◆ Work instructions:
Among the entries below, how many lines contain the string "intro"? Only the number is wanted.
╭──
lemma commute_over_generated_Un:
  assumes A: "subalgebra A" and S: "subalgebra S" and E: "subalgebra E"
    and meet: "\<And>a s c. a \<in> A \<Longrightarrow> s \<in> S \<Longrightarrow> c \<in> C \<Longrightarrow> inf (inf a s) c = bot \<Longrightarrow>
                 \<exists>e\<in>E. inf a s \<le> e \<and> inf e c = bot"
  shows "commute_over (generated (A \<union> S)) C E"
  unfolding commute_over_def
proof (intro ballI)
  fix x c assume x: "x \<in> generated (A \<union> S)" and c: "c \<in> C"
  from A S x show "inf x c = bot \<longrightarrow> (\<exists>e\<in>E. x \<le> e \<and> inf e c = bot)"
  proof (induction rule: generated_Un_induct)
    case bot
    show ?case using subalgebra_bot[OF E] by (intro impI bexI[of _ bot]) simp_all
  next
    case (meet a s)
    thus ?case using c by (blast intro: assms(4))
  next
    case (join x y)
    show ?case
    proof
      assume "inf (sup x y) c = bot"
      hence "inf x c = bot" "inf y c = bot" by (simp_all add: inf_sup_distrib2)
      then obtain e1 e2 where e: "e1 \<in> E" "x \<le> e1" "inf e1 c = bot" "e2 \<in> E" "y \<le> e2" "inf e2 c = bot"
        using join.IH by blast
      have "sup e1 e2 \<in> E" using e(1,4) by (rule subalgebra_sup[OF E])
      moreover have "sup x y \<le> sup e1 e2" using e(2,5) by (rule sup_mono)
      moreover have "inf (sup e1 e2) c = bot" using e(3,6) by (simp add: inf_sup_distrib2)
      ultimately show "\<exists>e\<in>E. sup x y \<le> e \<and> inf e c = bot" by blast
    qed
  qed
qed

text \<open>The push-out step of a tight filtration, abstracted: \<open>S\<close> commutes with the ambient
  \<open>B\<close> over \<open>R \<subseteq> A\<close>, and \<open>S\<close> is adjoined to \<open>A\<close>, or to both \<open>A\<close> and \<open>C\<close>.\<close>

locale adjoining =
  fixes B S R A C F :: "'a::boolean_algebra set"
  assumes subalgebras: "subalgebra B" "subalgebra S" "subalgebra A" "subalgebra C" "subalgebra F"
    and B_S_R: "commute_over B S R"
    and R_A: "R \<subseteq> A" and A_B: "A \<subseteq> B" and C_B: "C \<subseteq> B"
    and A_C_F: "commute_over A C F"
begin

text \<open>The key separation: if \<open>a \<sqinter> s \<sqinter> c = 0\<close>, the element \<open>r \<in> R\<close> separating
  \<open>a \<sqinter> c\<close> from \<open>s\<close> lets \<open>a \<sqinter> -r \<in> A\<close> take over the role of \<open>a \<sqinter> s\<close>.\<close>

lemma separate_meet:
  assumes a: "a \<in> A" and c: "c \<in> C" and s: "s \<in> S" and asc: "inf (inf a c) s = bot"
  shows "\<exists>d\<in>F. inf a s \<le> d \<and> inf d c = bot"
proof -
  have "inf a c \<in> B" using subalgebra_inf[OF subalgebras(1)] a c A_B C_B by blast
  then obtain r where r: "r \<in> R" "inf a c \<le> r" "inf r s = bot"
    using commute_overD[OF B_S_R _ s asc] by blast
  have "inf a (- r) \<in> A"
    using subalgebra_inf[OF subalgebras(3) a] subalgebra_compl[OF subalgebras(3)] r(1) R_A by blast
  moreover have "inf (inf a c) (- r) = bot" using r(2) by (simp add: inf_shunt)
  hence "inf (inf a (- r)) c = bot" by (simp add: inf_aci)
  ultimately obtain d where d: "d \<in> F" "inf a (- r) \<le> d" "inf d c = bot"
    using commute_overD[OF A_C_F _ c] by blast
  have "s \<le> - r" using r(3) by (metis inf_commute inf_shunt)
  hence "inf a s \<le> inf a (- r)" by (rule inf_mono[OF order_refl])
  thus ?thesis using d order_trans by blast
qed

lemma commute_over_adjoin_left: "commute_over (generated (A \<union> S)) C F"
proof (rule commute_over_generated_Un[OF subalgebras(3,2,5)])
  fix a s c assume "a \<in> A" "s \<in> S" "c \<in> C" "inf (inf a s) c = bot"
  moreover from this have "inf (inf a c) s = bot" by (simp add: inf_aci)
  ultimately show "\<exists>e\<in>F. inf a s \<le> e \<and> inf e c = bot" by (intro separate_meet)
qed

lemma commute_over_adjoin_both:
  "commute_over (generated (A \<union> S)) (generated (C \<union> S)) (generated (F \<union> S))"
proof (rule commute_over_generated_Un[OF subalgebras(3,2) subalgebra_generated])
  let ?E = "generated (F \<union> S)"
  have E: "subalgebra ?E" by (rule subalgebra_generated)
  have F_E: "F \<subseteq> ?E" and S_E: "S \<subseteq> ?E" using generated_superset[of "F \<union> S"] by blast+
  fix a s x assume a: "a \<in> A" and s: "s \<in> S" and x: "x \<in> generated (C \<union> S)"
  have "commute_over (generated (C \<union> S)) {inf a s} ?E"
  proof (rule commute_over_generated_Un[OF subalgebras(4,2) E])
    fix c t y assume c: "c \<in> C" and t: "t \<in> S" and "y \<in> {inf a s}"
      and ctas: "inf (inf c t) y = bot"
    hence y: "y = inf a s" by simp
    have "inf (inf a c) (inf s t) = bot" using ctas y by (simp add: inf_aci)
    then obtain d where d: "d \<in> F" "inf a (inf s t) \<le> d" "inf d c = bot"
      using separate_meet[OF a c subalgebra_inf[OF subalgebras(2) s t]] by blast
    let ?e = "inf s (sup d (- t))"
    have "?e \<in> ?E"
      using s t d(1) F_E S_E
      by (intro subalgebra_inf[OF E] subalgebra_sup[OF E] subalgebra_compl[OF E]) blast+
    moreover have "inf (inf a s) t \<le> d" using d(2) by (simp add: inf_assoc)
    hence "inf a s \<le> ?e" by (simp add: shunt1 sup_commute)
    hence "inf (- ?e) (inf a s) = bot" by (metis inf_commute inf_shunt double_compl)
    moreover have "inf ?e (inf c t) = inf s (inf (inf d c) t)"
      by (simp add: inf_sup_distrib inf_aci)
    hence "inf ?e (inf c t) = bot" using d(3) by simp
    hence "inf c t \<le> - ?e" by (metis inf_commute inf_shunt)
    ultimately show "\<exists>e\<in>?E. inf c t \<le> e \<and> inf e y = bot"
      using subalgebra_compl[OF E] y by blast
  qed
  hence "commute_over {inf a s} (generated (C \<union> S)) ?E" by (rule commute_over_sym[OF _ E])
  thus "inf (inf a s) x = bot \<Longrightarrow> \<exists>e\<in>?E. inf a s \<le> e \<and> inf e x = bot"
    using x unfolding commute_over_def by blast
qed

end

section \<open>Interpolation for Boolean polynomials\<close>

lemma beval_inf_cong:
  "(\<And>i. i \<in> bvars P \<Longrightarrow> inf (v i) x = inf (w i) x) \<Longrightarrow> inf (beval P v) x = inf (beval P w) x"
proof (induction P)
  case (Meet p q)
  have meet: "inf (inf a b) x = inf (inf a x) (inf b x)" for a b by (simp add: inf_aci)
  have "inf (beval p v) x = inf (beval p w) x" "inf (beval q v) x = inf (beval q w) x"
    using Meet by simp_all
  thus ?case unfolding beval.simps meet[of "beval p v"] meet[of "beval p w"] by simp
next
  case (Join p q)
  thus ?case by (simp add: inf_sup_distrib2)
next
  case (Compl p)
  have compl: "inf (- a) x = inf x (- inf a x)" for a by (simp add: inf_sup_distrib1 inf_aci)
  have "inf (beval p v) x = inf (beval p w) x" using Compl by simp
  thus ?case unfolding beval.simps compl[of "beval p v"] compl[of "beval p w"] by simp
qed simp_all

lemma beval_shannon:
  "beval P (v(n := e)) = sup (inf (beval P (v(n := top))) e) (inf (beval P (v(n := bot))) (- e))"
proof -
  let ?w = "v(n := e)"
  have "inf (beval P ?w) e = inf (beval P (v(n := top))) e"
    by (rule beval_inf_cong) simp
  moreover have "inf (beval P ?w) (- e) = inf (beval P (v(n := bot))) (- e)"
    by (rule beval_inf_cong) simp
  moreover have "beval P ?w = sup (inf (beval P ?w) e) (inf (beval P ?w) (- e))"
    by (simp add: inf_sup_distrib1[symmetric])
  ultimately show ?thesis by simp
qed

text \<open>The two cofactors of \<open>P\<close> at variable \<open>n\<close> lie in \<open>C\<close>, so commuting over \<open>E\<close> separates
  \<open>v n\<close> and \<open>- v n\<close> from them by elements of \<open>E\<close>.\<close>

lemma commute_over_interpolate_var:
  assumes A: "subalgebra A" and C: "subalgebra C" and E: "subalgebra E"
    and ACE: "commute_over A C E"
    and vn: "v n \<in> A" and vC: "\<And>i. i \<noteq> n \<Longrightarrow> v i \<in> C" and P: "beval P v = bot"
  shows "\<exists>l u. l \<in> E \<and> u \<in> E \<and> l \<le> v n \<and> v n \<le> u \<and>
           beval P (v(n := l)) = bot \<and> beval P (v(n := u)) = bot"
proof -
  define Q1 where "Q1 = beval P (v(n := top))"
  define Q2 where "Q2 = beval P (v(n := bot))"
  have shannon: "beval P (v(n := e)) = sup (inf Q1 e) (inf Q2 (- e))" for e
    unfolding Q1_def Q2_def by (rule beval_shannon)
  have "Q1 \<in> C" "Q2 \<in> C"
    unfolding Q1_def Q2_def using vC subalgebra_top[OF C] subalgebra_bot[OF C]
    by (auto intro!: beval_in_subalgebra[OF C])
  moreover have Q1_vn: "inf Q1 (v n) = bot" and Q2_vn: "inf Q2 (- v n) = bot"
    using P shannon[of "v n"] by simp_all
  ultimately have "inf (v n) Q1 = bot" "inf (- v n) Q2 = bot"
    by (metis inf.commute)+
  then obtain u e where u: "u \<in> E" "v n \<le> u" "inf u Q1 = bot"
    and e: "e \<in> E" "- v n \<le> e" "inf e Q2 = bot"
    using commute_overD[OF ACE vn \<open>Q1 \<in> C\<close>] commute_overD[OF ACE subalgebra_compl[OF A vn] \<open>Q2 \<in> C\<close>]
    by blast
  have "inf Q2 (- u) \<le> inf Q2 (- v n)" by (rule inf_mono[OF order_refl compl_mono[OF u(2)]])
  hence "inf Q2 (- u) = bot" using Q2_vn by (simp add: bot_unique)
  moreover have "inf Q1 u = bot" using u(3) by (simp add: inf.commute)
  ultimately have upper: "beval P (v(n := u)) = bot" using shannon[of u] by simp
  have lower: "- e \<le> v n" using e(2) by (rule compl_le_swap2)
  hence "inf Q1 (- e) \<le> inf Q1 (v n)" by (rule inf_mono[OF order_refl])
  hence "inf Q1 (- e) = bot" using Q1_vn by (simp add: bot_unique)
  moreover have "inf Q2 e = bot" using e(3) by (simp add: inf.commute)
  ultimately have "beval P (v(n := - e)) = bot" using shannon[of "- e"] by simp
  thus ?thesis using upper lower u(1,2) subalgebra_compl[OF E e(1)] by blast
qed

primrec rename_vars :: "(nat \<Rightarrow> nat) \<Rightarrow> bpoly \<Rightarrow> bpoly" where
  "rename_vars f (Var i) = Var (f i)"
| "rename_vars f Zero = Zero"
| "rename_vars f One = One"
| "rename_vars f (Meet p q) = Meet (rename_vars f p) (rename_vars f q)"
| "rename_vars f (Join p q) = Join (rename_vars f p) (rename_vars f q)"
| "rename_vars f (Compl p) = Compl (rename_vars f p)"

lemma beval_rename_vars: "beval (rename_vars f P) v = beval P (v \<circ> f)"
  by (induction P) auto

lemma beval_double_var:
  "beval (Join P (rename_vars (id(n := k)) P)) w = sup (beval P w) (beval P (w(n := w k)))"
proof -
  have "w \<circ> id(n := k) = w(n := w k)" by auto
  thus ?thesis by (simp add: beval_rename_vars)
qed

lemma fresh_var: "\<exists>k. n < k \<and> k \<notin> bvars P"
proof -
  have "finite (bvars P \<union> {..n})" using finite_bvars by simp
  then obtain k where "k \<notin> bvars P \<union> {..n}"
    using ex_new_if_finite[OF infinite_UNIV_nat] by blast
  thus ?thesis by (intro exI[of _ k]) auto
qed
╰──
◆ Answer:
7